王潇也站不住了,直接掉头往省政府大楼里头走:“那我借用你们的电话问一下吧。我对这一块不太了解,到时候还要请教你们具体的情况。”
她电话打给谁?当然是打给伊万了。
矫情个啥呀?什么渠道解决问题最快,那就用什么渠道。
因为是江东省的政府的电话,所以转了两手,接电话的人才变成伊万诺夫。
自从王潇离开莫斯科,他又恢复成24小时常驻白宫,不时出差的状态。
接到王潇的电话,他挺高兴的,刚开会吵架没吵出结果来,正好可以求安慰。
但是王潇直接跳过了哼哼唧唧的环节,切入工作状态:“伊万,我找到办法振兴俄罗斯的纺织业了!”
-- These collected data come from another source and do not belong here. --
(* Let $r\in(0,1)$ be such that $G_m'(t)<0$ for all $t\in[-r,r]$ (such $r$ exists). Then for $P$-a.e. $\omega$ there exists $N_5(\omega)\in\mathbb N$ such that for every $n>N_5(\omega)$, the set $C_{Q_n(\omega)}\cap[-r,r]$ consists of exactly one point.
   Context: Fix $m>1/2$. Let $c_m:=\left(\int_{\mathbb R}(1+x^2)^{-m}dx\right)^{-1}$ and $\nu_m(dx):=c_m(1+x^2)^{-m}dx$. Let $(X_n)_{n\ge1}$ be i.i.d. random variables on $(\Omega,\mathcal F,P)$ with law $\nu_m$. Let $L_n(t):=\frac1n\sum_{i=1}^n\log(1+(X_i-t)^2)$ and $C_{Q_n(\omega)}:=\{t\in\mathbb R: L_n(t)(\omega)=\min_{s\in\mathbb R}L_n(s)(\omega)\}$. Let $D(x,t):=\dfrac{x-t}{1+(x-t)^2}$ and $G_m(t):=\int_{\mathbb R}D(x,t)\,\nu_m(dx)$. *)

theory Defs
  imports "HOL-Probability.Probability"
begin

definition c_m :: "real \<Rightarrow> real" where
  "c_m m = 1 / (LINT x|lborel. (1 + x\<^sup>2) powr (- m))"

definition nu_m :: "real \<Rightarrow> real measure" where
  "nu_m m = density lborel (\<lambda>x. ennreal (c_m m * (1 + x\<^sup>2) powr (- m)))"

definition D :: "real \<Rightarrow> real \<Rightarrow> real" where
  "D x t = (x - t) / (1 + (x - t)\<^sup>2)"

definition G_m :: "real \<Rightarrow> real \<Rightarrow> real" where
  "G_m m t = (LINT x|nu_m m. D x t)"

definition L_n :: "(nat \<Rightarrow> 'a \<Rightarrow> real) \<Rightarrow> nat \<Rightarrow> real \<Rightarrow> 'a \<Rightarrow> real" where
  "L_n X n t \<omega> = (1 / real n) * (\<Sum>i=1..n. ln (1 + (X i \<omega> - t)\<^sup>2))"

definition C_Q :: "(nat \<Rightarrow> 'a \<Rightarrow> real) \<Rightarrow> nat \<Rightarrow> 'a \<Rightarrow> real set" where
  "C_Q X n \<omega> = {t. \<forall>s. L_n X n t \<omega> \<le> L_n X n s \<omega>}"

end

theory Submission
  imports Defs
begin

text \<open>Since \<open>L_n' = -2 S_n\<close> with \<open>S_n(t)\<close> the sample mean of \<open>D(X_i, t)\<close>, everything reduces to the signs
  of \<open>S_n\<close> and \<open>S_n'\<close>. Their means are \<open>G_m\<close> and \<open>G_m'\<close>, where \<open>t G_m(t) < 0\<close> for \<open>t \<noteq> 0\<close> by the symmetry
  and unimodality of \<open>nu_m\<close>, and \<open>G_m' < 0\<close> on \<open>[-r, r]\<close> by hypothesis. A law of large numbers that is
  uniform over compact intervals (Hoeffding's inequality and Borel--Cantelli on a finite net, glued by
  Lipschitz continuity in \<open>t\<close>) therefore makes, almost surely and for all large \<open>n\<close>, \<open>S_n'\<close> negative on
  \<open>[-r, r]\<close>, \<open>S_n\<close> negative on \<open>[r, T]\<close> and positive on \<open>[-T, -r]\<close>; the same law for the indicator of
  \<open>[-K, K]\<close> gives \<open>L_n(t) > L_n(0)\<close> for \<open>|t| \<ge> T\<close>. So \<open>L_n\<close> attains its minimum, only inside \<open>[-r, r]\<close>,
  where \<open>L_n'\<close> is strictly increasing and hence vanishes only once.\<close>

section \<open>The function \<open>D\<close> and its derivatives\<close>

definition D' :: "real \<Rightarrow> real" where
  "D' u = (u\<^sup>2 - 1) / (1 + u\<^sup>2)\<^sup>2"

definition D'' :: "real \<Rightarrow> real" where
  "D'' u = 2 * u * (3 - u\<^sup>2) / (1 + u\<^sup>2) ^ 3"

lemma one_plus_sq_pos [simp]: "0 < 1 + (u::real)\<^sup>2"
  by (simp add: add_pos_nonneg)

lemma one_plus_sq_nonzero [simp]: "1 + (u::real)\<^sup>2 \<noteq> 0"
  using one_plus_sq_pos[of u] by linarith

lemma abs_le_one_plus_sq: "\<bar>u::real\<bar> \<le> 1 + u\<^sup>2"
proof -
  have "0 \<le> (\<bar>u\<bar> - 1)\<^sup>2" by simp
  then show ?thesis by (simp add: power2_eq_square algebra_simps)
qed

lemma D_measurable [measurable]: "(\<lambda>x. D x t) \<in> borel_measurable borel"
  by (simp add: D_def)

lemma abs_D_le_1: "\<bar>D x t\<bar> \<le> 1"
  using abs_le_one_plus_sq[of "x - t"] by (simp add: D_def abs_divide)

lemma abs_D'_le_1: "\<bar>D' u\<bar> \<le> 1"
proof -
  have "\<bar>u\<^sup>2 - 1\<bar> \<le> 1 + u\<^sup>2" by (simp add: abs_le_iff)
  also have "\<dots> \<le> (1 + u\<^sup>2)\<^sup>2" by (rule self_le_power) auto
  finally show ?thesis by (simp add: D'_def abs_divide)
qed

lemma abs_D''_le_6: "\<bar>D'' u\<bar> \<le> 6"
proof -
  have "\<bar>2 * u * (3 - u\<^sup>2)\<bar> = 2 * (\<bar>u\<bar> * \<bar>3 - u\<^sup>2\<bar>)" by (simp add: abs_mult)
  also have "\<dots> \<le> 2 * ((1 + u\<^sup>2) * (3 * (1 + u\<^sup>2)))"
    using abs_le_one_plus_sq[of u] by (intro mult_left_mono mult_mono) (auto simp: abs_le_iff)
  also have "\<dots> = 6 * (1 + u\<^sup>2)\<^sup>2" by (simp add: power2_eq_square)
  also have "\<dots> \<le> 6 * (1 + u\<^sup>2) ^ 3" by (intro mult_left_mono power_increasing) auto
  finally show ?thesis by (simp add: D''_def abs_divide divide_le_eq)
qed

lemma has_real_derivative_D: "((\<lambda>t. D x t) has_real_derivative D' (x - t)) (at t)"
  unfolding D_def D'_def
  by (rule derivative_eq_intros refl | simp)+
     (simp add: divide_simps, simp add: algebra_simps power2_eq_square)

lemma has_real_derivative_D': "(D' has_real_derivative D'' u) (at u)"
  unfolding D'_def[abs_def] D''_def
  by (rule derivative_eq_intros refl | simp)+
     (simp add: divide_simps, simp add: algebra_simps eval_nat_numeral)

lemma D_lipschitz: "\<bar>D x s - D x t\<bar> \<le> \<bar>s - t\<bar>"
  using field_differentiable_bound[OF convex_UNIV, of "\<lambda>t. D x t" "\<lambda>t. D' (x - t)" 1 s t]
    has_real_derivative_D abs_D'_le_1 by simp

lemma D'_lipschitz: "\<bar>D' (x - s) - D' (x - t)\<bar> \<le> 6 * \<bar>s - t\<bar>"
  using field_differentiable_bound[OF convex_UNIV, of D' D'' 6 "x - s" "x - t"]
    has_real_derivative_D' abs_D''_le_6 by (simp add: abs_minus_commute)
苏联的轻工业确实是轻,但俄罗斯的轻工业比苏联更轻。以纺织服装业为例,解体之后,俄罗斯的相关产业完全可以称得上一句急剧衰败。
伊万作为主抓实体经济的第一副总理,自然对此心知肚明,他不由得奇怪:“是什么办法?”
俄罗斯人口凋敝,轻工业人口严重不足,自然条件恶劣且交通不便利,摸着良心讲,他也不知道在这儿搞纺织厂能有什么竞争优势。
甚至连原料,上帝呀,俄罗斯不种棉花,俄罗斯的棉花都要靠进口。
所以他们才只能搞农场企业,好歹保留一些小纺织厂的工业火种。不然再这么持续下去,俄罗斯会彻底失去纺织业。
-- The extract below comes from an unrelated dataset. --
(* Let $m\ge 2$ and consider the memristive Hopfield neural network $$\frac{du_i}{dt}=-a_iu_i+\sum_{j=1}^m w_{ij}f_j(u_j)+k\,\varphi_i(\rho)\,u_i+J_i-P\,u_i\sum_{j=1}^m\Gamma(u_j),\quad 1\le i\le m,\qquad \frac{d\rho}{dt}=\sum_{i=1}^m\gamma_iu_i-b\rho,$$ where $\Gamma(s)=\dfrac{1}{1+\exp[-r(s-V)]}$ with $r>0$, $V\in\mathbb{R}$, $P>0$; $a_i,b,\beta,\eta_i,k>0$; $w_{ij},J_i,\gamma_i\in\mathbb{R}$; $f_i,\varphi_i$ locally Lipschitz with $a_i>k$, $|f_i(s)|\le\beta$, $\varphi_i(s)=1-\eta_is^2$ for all $s\in\mathbb{R}$, $1\le i\le m$. Define $a=\min_ia_i$, $W=\max_{i,j}|w_{ij}|$, $J=\max_i|J_i|$, $\gamma^2=\max_i\gamma_i^2$, $$C_1=\frac{1}{a-k}\Big(\frac{m\gamma^2}{b}+b\Big),\ C_2=\Big(\frac{m\gamma^2}{b}+b\Big)\frac{m(mW\beta+J)^2}{(a-k)^2},\ \mu_0=b\min\Big\{\frac1{C_1},1\Big\},\ Q=1+\frac{C_2}{\mu_0\min\{C_1,1\}},$$ and $a^*=\max_{i,j}|a_i-a_j|$, $W^*=\max_{i,j,\ell}|w_{i\ell}-w_{j\ell}|$, $\eta^*=\max_{i,j}|\eta_i-\eta_j|$, $J^*=\max_{i,j}|J_i-J_j|$. For $\varepsilon>0$ let $$P^*(\varepsilon)=\frac{1}{m\varepsilon}\big(mW^*\beta+a^*Q^{1/2}+k\eta^*Q^{3/2}+J^*\big)\big[1+\exp\{r(\sqrt Q+|V|)\}\big].$$ Then for every $\varepsilon>0$, if $P>P^*(\varepsilon)$, the network is approximately synchronized: $$\sup_{g^0\in\mathbb{R}^{m+1}}\ \max_{1\le i<j\le m}\ \limsup_{t\to\infty}|u_i(t)-u_j(t)|<\varepsilon,$$ where $(u_1,\dots,u_m,\rho)$ is the solution with initial state $g^0$, and this convergence occurs at the uniform exponential rate $$\mu(P)=(a-k)+\frac{mP}{1+\exp\{r(\sqrt Q+|V|)\}}>0,$$ in the sense that there is a constant $D<\varepsilon$ (independent of the initial state) such that for every initial state there is $T\ge0$ with $|u_i(t)-u_j(t)|^2\le e^{-\mu(P)(t-T)}|u_i(T)-u_j(T)|^2+D^2$ for all $t>T$ and all $i\ne j$.
   Context: The paper calls a network approximately synchronizable if for every prescribed gap $\varepsilon>0$ there is a threshold on the coupling parameter beyond which the synchronous degree $\sup_{g^0}\max_{i<j}\limsup_{t\to\infty}|u_i(t)-u_j(t)|$ is less than $\varepsilon$; if the limsup convergence admits a uniform exponential rate, it is called approximate exponential synchronization. Solutions exist globally in time for every initial state. *)

theory Defs
  imports "HOL-Analysis.Analysis"
begin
王潇笑道:“出口配额啊。我今天才知道,俄罗斯纺织品出口配额大概率一直浪费着,达不到满额的标准。有它在,就能把投资拉过来。”
在商言商,想促成合作,就必须双方都能得到好处。
华夏纺织业有产能和设备,俄罗斯有市场缺口和配额空间。以此为基础,完全可以开展深度合作。
伊万诺夫来了兴趣:“华夏有这方面的政策支持吗?”
孙秘书已经找到了自己想找的人,把人拉过来,对着国际长途开始做政策解读:“有的,现在国家鼓励境外带料加工装配,在这方面是有资金支持、出口信用保险、简化出国审批等配套政策的。”
伊万诺夫表示理解了,话筒回到王潇手上,只有一句话:“等会议结束了,我再告诉你们结果。”
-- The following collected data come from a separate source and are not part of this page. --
text \<open>Inserting the first bound into the second gives \<open>B \<le> 16 F / t\<^sup>2 + B / 2 + S\<close>.\<close>

lemma absorb_interpolation_bounds:
  fixes t A B F S :: real
  assumes t: "0 < t" "t \<le> 1" and "0 \<le> S"
    and A: "A \<le> 8 * F / t + t / 4 * B" and B: "B \<le> 2 * A / t + S"
  shows "A + B \<le> (16 / t + 32 / t\<^sup>2) * F + 5 / 2 * S"
proof -
  have "2 * A \<le> 2 * (8 * F / t + t / 4 * B)"
    using A by (rule mult_left_mono) simp
  hence "2 * A / t \<le> 2 * (8 * F / t + t / 4 * B) / t"
    by (rule divide_right_mono) (use t in simp)
  also have "\<dots> = 16 * F / t\<^sup>2 + B / 2"
    using t by (simp add: field_simps power2_eq_square)
  finally have B2: "B \<le> 32 * F / t\<^sup>2 + 2 * S"
    using B by linarith
  have "t / 4 * B \<le> t / 4 * (32 * F / t\<^sup>2 + 2 * S)"
    using B2 t by (intro mult_left_mono) auto
  also have "\<dots> = 8 * F / t + t * S / 2"
    using t by (simp add: field_simps power2_eq_square)
  also have "t * S / 2 \<le> S / 2"
    using t \<open>0 \<le> S\<close> by (simp add: mult_left_le_one_le)
  finally have "A \<le> 16 * F / t + S / 2"
    using A by linarith
  moreover have "(16 / t + 32 / t\<^sup>2) * F = 16 * F / t + 32 * F / t\<^sup>2"
    by (simp add: distrib_right)
  ultimately show ?thesis
    using B2 by linarith
qed

lemma normD_1_add_normD_2_le:
  fixes f :: "'a::euclidean_space \<Rightarrow> real"
  assumes f: "Cpsi_k \<psi> 2 f" and pos: "\<And>r. 0 < r \<Longrightarrow> r \<le> 1 \<Longrightarrow> 0 < \<psi> r"
    and bound: "\<And>r. 0 < r \<Longrightarrow> r \<le> 1 \<Longrightarrow> \<psi> r \<le> r powr \<alpha> / c" and "0 < c" "2 \<le> \<alpha>"
    and t: "0 < t" "t \<le> 1"
  shows "normD 1 f + normD 2 f
    \<le> (16 / t + 32 / t\<^sup>2) * sup0 f + 5 / 2 * (t powr (\<alpha> - 2) / c * semiD 2 \<psi> f)"
proof (rule absorb_interpolation_bounds[OF t])
  show "0 \<le> t powr (\<alpha> - 2) / c * semiD 2 \<psi> f"
    using semiD_nonneg[OF f pos] \<open>0 < c\<close> by simp
  show "normD 1 f \<le> 8 * sup0 f / t + t / 4 * normD 2 f"
    using normD_1_le_normD_2[OF f, of "t / 4"] t by simp
  show "normD 2 f \<le> 2 * normD 1 f / t + t powr (\<alpha> - 2) / c * semiD 2 \<psi> f"
    by (rule normD_2_le[OF f pos bound \<open>0 < c\<close> \<open>2 \<le> \<alpha>\<close> t])
qed

lemma interpolation_order_1:
  assumes pos: "\<And>r. 0 < r \<Longrightarrow> r \<le> 1 \<Longrightarrow> 0 < \<psi> r" and "\<psi> 1 = 1"
    and "I_psi \<psi> \<subseteq> {ereal 1<..<ereal 2}" and "0 < \<epsilon>" "\<epsilon> < 1"
  shows "\<exists>C>0. \<forall>f::'a::euclidean_space \<Rightarrow> real. f \<in> Cpsi \<psi> \<longrightarrow>
    normD 1 f \<le> C * sup0 f + \<epsilon> * semiD 1 \<psi> f"
proof -
  have I: "I_psi \<psi> \<subseteq> {ereal (real 1)<..<ereal (real 1 + 1)}" using assms(3) by simp
  obtain \<alpha> c where \<alpha>: "1 < \<alpha>" "0 < c" "c \<le> 1"
    and bound: "\<And>r. 0 < r \<Longrightarrow> r \<le> 1 \<Longrightarrow> \<psi> r \<le> r powr \<alpha> / c"
    using I_psi_subset_imp_powr_bound[of \<psi>, OF \<open>\<psi> 1 = 1\<close> I] by auto
  obtain t where t: "0 < t" "t \<le> 1" "t powr (\<alpha> - 1) = c * \<epsilon>"
    using exists_powr_eq[of "c * \<epsilon>" "\<alpha> - 1"] \<alpha> assms(4,5) by (auto simp: mult_le_one)
  have "normD 1 f \<le> 2 / t * sup0 f + \<epsilon> * semiD 1 \<psi> f" if "f \<in> Cpsi \<psi>" for f :: "'a \<Rightarrow> real"
    using normD_1_le[OF Cpsi_imp_Cpsi_k[of \<psi>, OF \<open>\<psi> 1 = 1\<close> I that] pos bound \<alpha>(2) _ t(1,2)] \<alpha>(1,2) t(3)
    by simp
  thus ?thesis using t(1) by (intro exI[of _ "2 / t"]) auto
qed

lemma interpolation_order_2:
  assumes pos: "\<And>r. 0 < r \<Longrightarrow> r \<le> 1 \<Longrightarrow> 0 < \<psi> r" and "\<psi> 1 = 1"
    and "I_psi \<psi> \<subseteq> {ereal 2<..<ereal 3}" and "0 < \<epsilon>" "\<epsilon> < 1"
  shows "\<exists>C>0. \<forall>f::'a::euclidean_space \<Rightarrow> real. f \<in> Cpsi \<psi> \<longrightarrow>
    normD 1 f + normD 2 f \<le> C * sup0 f + \<epsilon> * semiD 2 \<psi> f"
proof -
  have I: "I_psi \<psi> \<subseteq> {ereal (real 2)<..<ereal (real 2 + 1)}" using assms(3) by simp
  obtain \<alpha> c where \<alpha>: "2 < \<alpha>" "0 < c" "c \<le> 1"
    and bound: "\<And>r. 0 < r \<Longrightarrow> r \<le> 1 \<Longrightarrow> \<psi> r \<le> r powr \<alpha> / c"
    using I_psi_subset_imp_powr_bound[of \<psi>, OF \<open>\<psi> 1 = 1\<close> I] by auto
  have "c * \<epsilon> \<le> 1" using \<alpha>(3) assms(4,5) by (simp add: mult_le_one)
  then obtain t where t: "0 < t" "t \<le> 1" "t powr (\<alpha> - 2) = 2 * c * \<epsilon> / 5"
    using exists_powr_eq[of "2 * c * \<epsilon> / 5" "\<alpha> - 2"] \<alpha> assms(4) by auto
  have "normD 1 f + normD 2 f \<le> (16 / t + 32 / t\<^sup>2) * sup0 f + \<epsilon> * semiD 2 \<psi> f"
    if "f \<in> Cpsi \<psi>" for f :: "'a \<Rightarrow> real"
    using normD_1_add_normD_2_le[OF Cpsi_imp_Cpsi_k[of \<psi>, OF \<open>\<psi> 1 = 1\<close> I that] pos bound \<alpha>(2) _ t(1,2)]
      \<alpha>(1,2) t(3) by simp
  thus ?thesis using t(1) by (intro exI[of _ "16 / t + 32 / t\<^sup>2"]) (auto intro: add_pos_pos)
qed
电话挂断,旁边的涅姆佐夫脖子已经伸到老长,脸上全是坏笑:“哦哦哦,伊万,我亲爱的朋友,我可真羡慕你。你的王时时刻刻都惦记着你。”
伊万诺夫毫不客气地捶了他一拳:“别废话,你刚才也听到了,这是一个机会。”
俄罗斯的轻工业底子实在太薄了,想发展就必须得吸引外资。但是俄罗斯的客观条件又摆在这儿,在轻工业方面,对外资的吸引力极为有限。
涅姆佐夫虽然爱说爱笑,但当上工业部长之后,他还是相当下了一番功夫:“华夏纺织业在压锭,它有那么多纺织从业者,确实需要开辟新市场。而我们现在想复苏纺织业。大家有需求,就能坐下来谈。”
伊万诺夫毫不犹豫地拉盟友:“所以一会儿你得帮我说话,华夏在这方面已经有政策支持了,我们也得有相应的政策支持,比如说优惠贷款。”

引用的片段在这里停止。